STORED DATA:
━━━━━━━━
(* Let $\alpha\ge1$. Suppose valuations are arbitrary and the (non-separable) cost function $C:(2^M)^n\to\mathbb{R}_{\ge0}$ is non-decreasing, subadditive and $\alpha$-average min-bounded. Then the Sequential Mechanism satisfies IR, NPT and WGSP, is budget-balanced, and is $\alpha H_n$-approximate with respect to social cost. If moreover $C$ is $\alpha$-average max-bounded, then the Sequential Mechanism is $\alpha$-approximate.
   Context: Players $N=\{1,\dots,n\}$, items $M$. An allocation is $A=(A_1,\dots,A_n)$, $A_i\subseteq M$. For allocations, $S\cup T=(S_1\cup T_1,\dots,S_n\cup T_n)$ and $S\subseteq T$ means $S_i\subseteq T_i$ for all $i$. $C$ non-decreasing: $C(S)\le C(T)$ for $S\subseteq T$; subadditive: $C(S\cup T)\le C(S)+C(T)$. $A|_S$ gives $A_i$ to $i\in S$ and $\emptyset$ to others; $A|_i=A|_{\{i\}}$. $C$ is $\alpha$-average min-bounded (resp. max-bounded) if for every allocation $A$ and every $T\subseteq N$ with $|T|\ge2$, $\alpha\frac{C(A|_T)}{|T|}\ge\min_{i\in T}C(A|_i)$ (resp. $\ge\max_{i\in T}C(A|_i)$). A mechanism maps declared valuations $b$ to $A$ and payments $p$; utility $u_i=v_i(A_i)-p_i$ with true $v_i$. IR: $p_i\le b_i(A_i)$; NPT: $p_i\ge0$; WGSP: for every coalition $Q$, true $v_Q$, reports $v_{-Q}$ of others, there is no $b_Q$ with $u_i(b_Q,v_{-Q})>u_i(v_Q,v_{-Q})$ for all $i\in Q$. Budget-balanced: $\sum_ip_i=C(A)$. Social cost $\pi(A)=C(A)+\sum_i(v_i(M)-v_i(A_i))$; $\rho$-approximate: $\pi(A)\le\rho\min_{A'}\pi(A')$ for every truthfully reported profile. $H_n=\sum_{k=1}^n1/k$. Sequential Mechanism: fix an order $1,\dots,n$. For $i=1,\dots,n$: $p_i(S)=C(A_1,\dots,A_{i-1},S,\emptyset,\dots,\emptyset)-C(A_1,\dots,A_{i-1},\emptyset,\dots,\emptyset)$ and $A_i$ is the lexicographically smallest maximizer of $b_i(S)-p_i(S)$ over $S\subseteq M$. Output $A$ and $p_i=p_i(A_i)$. *)

theory Defs
  imports Complex_Main "HOL-Library.List_Lexorder"
begin

text \<open>Players are 1..n (type nat), items are a finite set M of a linearly ordered type.\<close>

definition is_alloc :: "nat \<Rightarrow> 'b set \<Rightarrow> (nat \<Rightarrow> 'b set) \<Rightarrow> bool" where
  "is_alloc n M A \<longleftrightarrow> (\<forall>i. A i \<subseteq> M) \<and> (\<forall>i. i \<notin> {1..n} \<longrightarrow> A i = {})"

definition restr :: "(nat \<Rightarrow> 'b set) \<Rightarrow> nat set \<Rightarrow> nat \<Rightarrow> 'b set" where
  "restr A T = (\<lambda>i. if i \<in> T then A i else {})"

definition nondecreasing_cost :: "nat \<Rightarrow> 'b set \<Rightarrow> ((nat \<Rightarrow> 'b set) \<Rightarrow> real) \<Rightarrow> bool" where
  "nondecreasing_cost n M C \<longleftrightarrow> (\<forall>S T. is_alloc n M S \<longrightarrow> is_alloc n M T \<longrightarrow>
      (\<forall>i. S i \<subseteq> T i) \<longrightarrow> C S \<le> C T)"

definition subadditive_cost :: "nat \<Rightarrow> 'b set \<Rightarrow> ((nat \<Rightarrow> 'b set) \<Rightarrow> real) \<Rightarrow> bool" where
  "subadditive_cost n M C \<longleftrightarrow> (\<forall>S T. is_alloc n M S \<longrightarrow> is_alloc n M T \<longrightarrow>
      C (\<lambda>i. S i \<union> T i) \<le> C S + C T)"

definition avg_min_bounded :: "real \<Rightarrow> nat \<Rightarrow> 'b set \<Rightarrow> ((nat \<Rightarrow> 'b set) \<Rightarrow> real) \<Rightarrow> bool" where
  "avg_min_bounded \<alpha> n M C \<longleftrightarrow> (\<forall>A T. is_alloc n M A \<longrightarrow> T \<subseteq> {1..n} \<longrightarrow> card T \<ge> 2 \<longrightarrow>
      \<alpha> * C (restr A T) / real (card T) \<ge> Min ((\<lambda>i. C (restr A {i})) ` T))"

definition avg_max_bounded :: "real \<Rightarrow> nat \<Rightarrow> 'b set \<Rightarrow> ((nat \<Rightarrow> 'b set) \<Rightarrow> real) \<Rightarrow> bool" where
  "avg_max_bounded \<alpha> n M C \<longleftrightarrow> (\<forall>A T. is_alloc n M A \<longrightarrow> T \<subseteq> {1..n} \<longrightarrow> card T \<ge> 2 \<longrightarrow>
      \<alpha> * C (restr A T) / real (card T) \<ge> Max ((\<lambda>i. C (restr A {i})) ` T))"

definition valuation :: "'b set \<Rightarrow> ('b set \<Rightarrow> real) \<Rightarrow> bool" where
  "valuation M v \<longleftrightarrow> v {} = 0 \<and> (\<forall>S T. S \<subseteq> T \<longrightarrow> T \<subseteq> M \<longrightarrow> v S \<le> v T)"

definition profile :: "nat \<Rightarrow> 'b set \<Rightarrow> (nat \<Rightarrow> 'b set \<Rightarrow> real) \<Rightarrow> bool" where
  "profile n M b \<longleftrightarrow> (\<forall>i\<in>{1..n}. valuation M (b i))"

definition lex_less :: "'b::linorder set \<Rightarrow> 'b set \<Rightarrow> bool" where
  "lex_less S T \<longleftrightarrow> sorted_list_of_set S < sorted_list_of_set T"

definition lex_argmax :: "'b::linorder set \<Rightarrow> ('b set \<Rightarrow> real) \<Rightarrow> 'b set" where
  "lex_argmax M f = (THE S. S \<subseteq> M \<and> (\<forall>T. T \<subseteq> M \<longrightarrow> f T \<le> f S) \<and>
      (\<forall>T. T \<subseteq> M \<longrightarrow> f T = f S \<longrightarrow> T \<noteq> S \<longrightarrow> lex_less S T))"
━━━━━━━━
AIM OF THE EXERCISE:
Copy out the records in full, matching every line character for character.

TASK RESPONSE:
(* Let $\alpha\ge1$. Suppose valuations are arbitrary and the (non-separable) cost function $C:(2^M)^n\to\mathbb{R}_{\ge0}$ is non-decreasing, subadditive and $\alpha$-average min-bounded. Then the Sequential Mechanism satisfies IR, NPT and WGSP, is budget-balanced, and is $\alpha H_n$-approximate with respect to social cost. If moreover $C$ is $\alpha$-average max-bounded, then the Sequential Mechanism is $\alpha$-approximate.
   Context: Players $N=\{1,\dots,n\}$, items $M$. An allocation is $A=(A_1,\dots,A_n)$, $A_i\subseteq M$. For allocations, $S\cup T=(S_1\cup T_1,\dots,S_n\cup T_n)$ and $S\subseteq T$ means $S_i\subseteq T_i$ for all $i$. $C$ non-decreasing: $C(S)\le C(T)$ for $S\subseteq T$; subadditive: $C(S\cup T)\le C(S)+C(T)$. $A|_S$ gives $A_i$ to $i\in S$ and $\emptyset$ to others; $A|_i=A|_{\{i\}}$. $C$ is $\alpha$-average min-bounded (resp. max-bounded) if for every allocation $A$ and every $T\subseteq N$ with $|T|\ge2$, $\alpha\frac{C(A|_T)}{|T|}\ge\min_{i\in T}C(A|_i)$ (resp. $\ge\max_{i\in T}C(A|_i)$). A mechanism maps declared valuations $b$ to $A$ and payments $p$; utility $u_i=v_i(A_i)-p_i$ with true $v_i$. IR: $p_i\le b_i(A_i)$; NPT: $p_i\ge0$; WGSP: for every coalition $Q$, true $v_Q$, reports $v_{-Q}$ of others, there is no $b_Q$ with $u_i(b_Q,v_{-Q})>u_i(v_Q,v_{-Q})$ for all $i\in Q$. Budget-balanced: $\sum_ip_i=C(A)$. Social cost $\pi(A)=C(A)+\sum_i(v_i(M)-v_i(A_i))$; $\rho$-approximate: $\pi(A)\le\rho\min_{A'}\pi(A')$ for every truthfully reported profile. $H_n=\sum_{k=1}^n1/k$. Sequential Mechanism: fix an order $1,\dots,n$. For $i=1,\dots,n$: $p_i(S)=C(A_1,\dots,A_{i-1},S,\emptyset,\dots,\emptyset)-C(A_1,\dots,A_{i-1},\emptyset,\dots,\emptyset)$ and $A_i$ is the lexicographically smallest maximizer of $b_i(S)-p_i(S)$ over $S\subseteq M$. Output $A$ and $p_i=p_i(A_i)$. *)

theory Defs
  imports Complex_Main "HOL-Library.List_Lexorder"
begin

text \<open>Players are 1..n (type nat), items are a finite set M of a linearly ordered type.\<close>

definition is_alloc :: "nat \<Rightarrow> 'b set \<Rightarrow> (nat \<Rightarrow> 'b set) \<Rightarrow> bool" where
  "is_alloc n M A \<longleftrightarrow> (\<forall>i. A i \<subseteq> M) \<and> (\<forall>i. i \<notin> {1..n} \<longrightarrow> A i = {})"

definition restr :: "(nat \<Rightarrow> 'b set) \<Rightarrow> nat set \<Rightarrow> nat \<Rightarrow> 'b set" where
  "restr A T = (\<lambda>i. if i \<in> T then A i else {})"

definition nondecreasing_cost :: "nat \<Rightarrow> 'b set \<Rightarrow> ((nat \<Rightarrow> 'b set) \<Rightarrow> real) \<Rightarrow> bool" where
  "nondecreasing_cost n M C \<longleftrightarrow> (\<forall>S T. is_alloc n M S \<longrightarrow> is_alloc n M T \<longrightarrow>
      (\<forall>i. S i \<subseteq> T i) \<longrightarrow> C S \<le> C T)"

definition subadditive_cost :: "nat \<Rightarrow> 'b set \<Rightarrow> ((nat \<Rightarrow> 'b set) \<Rightarrow> real) \<Rightarrow> bool" where
  "subadditive_cost n M C \<longleftrightarrow> (\<forall>S T. is_alloc n M S \<longrightarrow> is_alloc n M T \<longrightarrow>
      C (\<lambda>i. S i \<union> T i) \<le> C S + C T)"

definition avg_min_bounded :: "real \<Rightarrow> nat \<Rightarrow> 'b set \<Rightarrow> ((nat \<Rightarrow> 'b set) \<Rightarrow> real) \<Rightarrow> bool" where
  "avg_min_bounded \<alpha> n M C \<longleftrightarrow> (\<forall>A T. is_alloc n M A \<longrightarrow> T \<subseteq> {1..n} \<longrightarrow> card T \<ge> 2 \<longrightarrow>
      \<alpha> * C (restr A T) / real (card T) \<ge> Min ((\<lambda>i. C (restr A {i})) ` T))"

definition avg_max_bounded :: "real \<Rightarrow> nat \<Rightarrow> 'b set \<Rightarrow> ((nat \<Rightarrow> 'b set) \<Rightarrow> real) \<Rightarrow> bool" where
  "avg_max_bounded \<alpha> n M C \<longleftrightarrow> (\<forall>A T. is_alloc n M A \<longrightarrow> T \<subseteq> {1..n} \<longrightarrow> card T \<ge> 2 \<longrightarrow>
      \<alpha> * C (restr A T) / real (card T) \<ge> Max ((\<lambda>i. C (restr A {i})) ` T))"

definition valuation :: "'b set \<Rightarrow> ('b set \<Rightarrow> real) \<Rightarrow> bool" where
  "valuation M v \<longleftrightarrow> v {} = 0 \<and> (\<forall>S T. S \<subseteq> T \<longrightarrow> T \<subseteq> M \<longrightarrow> v S \<le> v T)"

definition profile :: "nat \<Rightarrow> 'b set \<Rightarrow> (nat \<Rightarrow> 'b set \<Rightarrow> real) \<Rightarrow> bool" where
  "profile n M b \<longleftrightarrow> (\<forall>i\<in>{1..n}. valuation M (b i))"

definition lex_less :: "'b::linorder set \<Rightarrow> 'b set \<Rightarrow> bool" where
  "lex_less S T \<longleftrightarrow> sorted_list_of_set S < sorted_list_of_set T"

definition lex_argmax :: "'b::linorder set \<Rightarrow> ('b set \<Rightarrow> real) \<Rightarrow> 'b set" where
  "lex_argmax M f = (THE S. S \<subseteq> M \<and> (\<forall>T. T \<subseteq> M \<longrightarrow> f T \<le> f S) \<and>
      (\<forall>T. T \<subseteq> M \<longrightarrow> f T = f S \<longrightarrow> T \<noteq> S \<longrightarrow> lex_less S T))"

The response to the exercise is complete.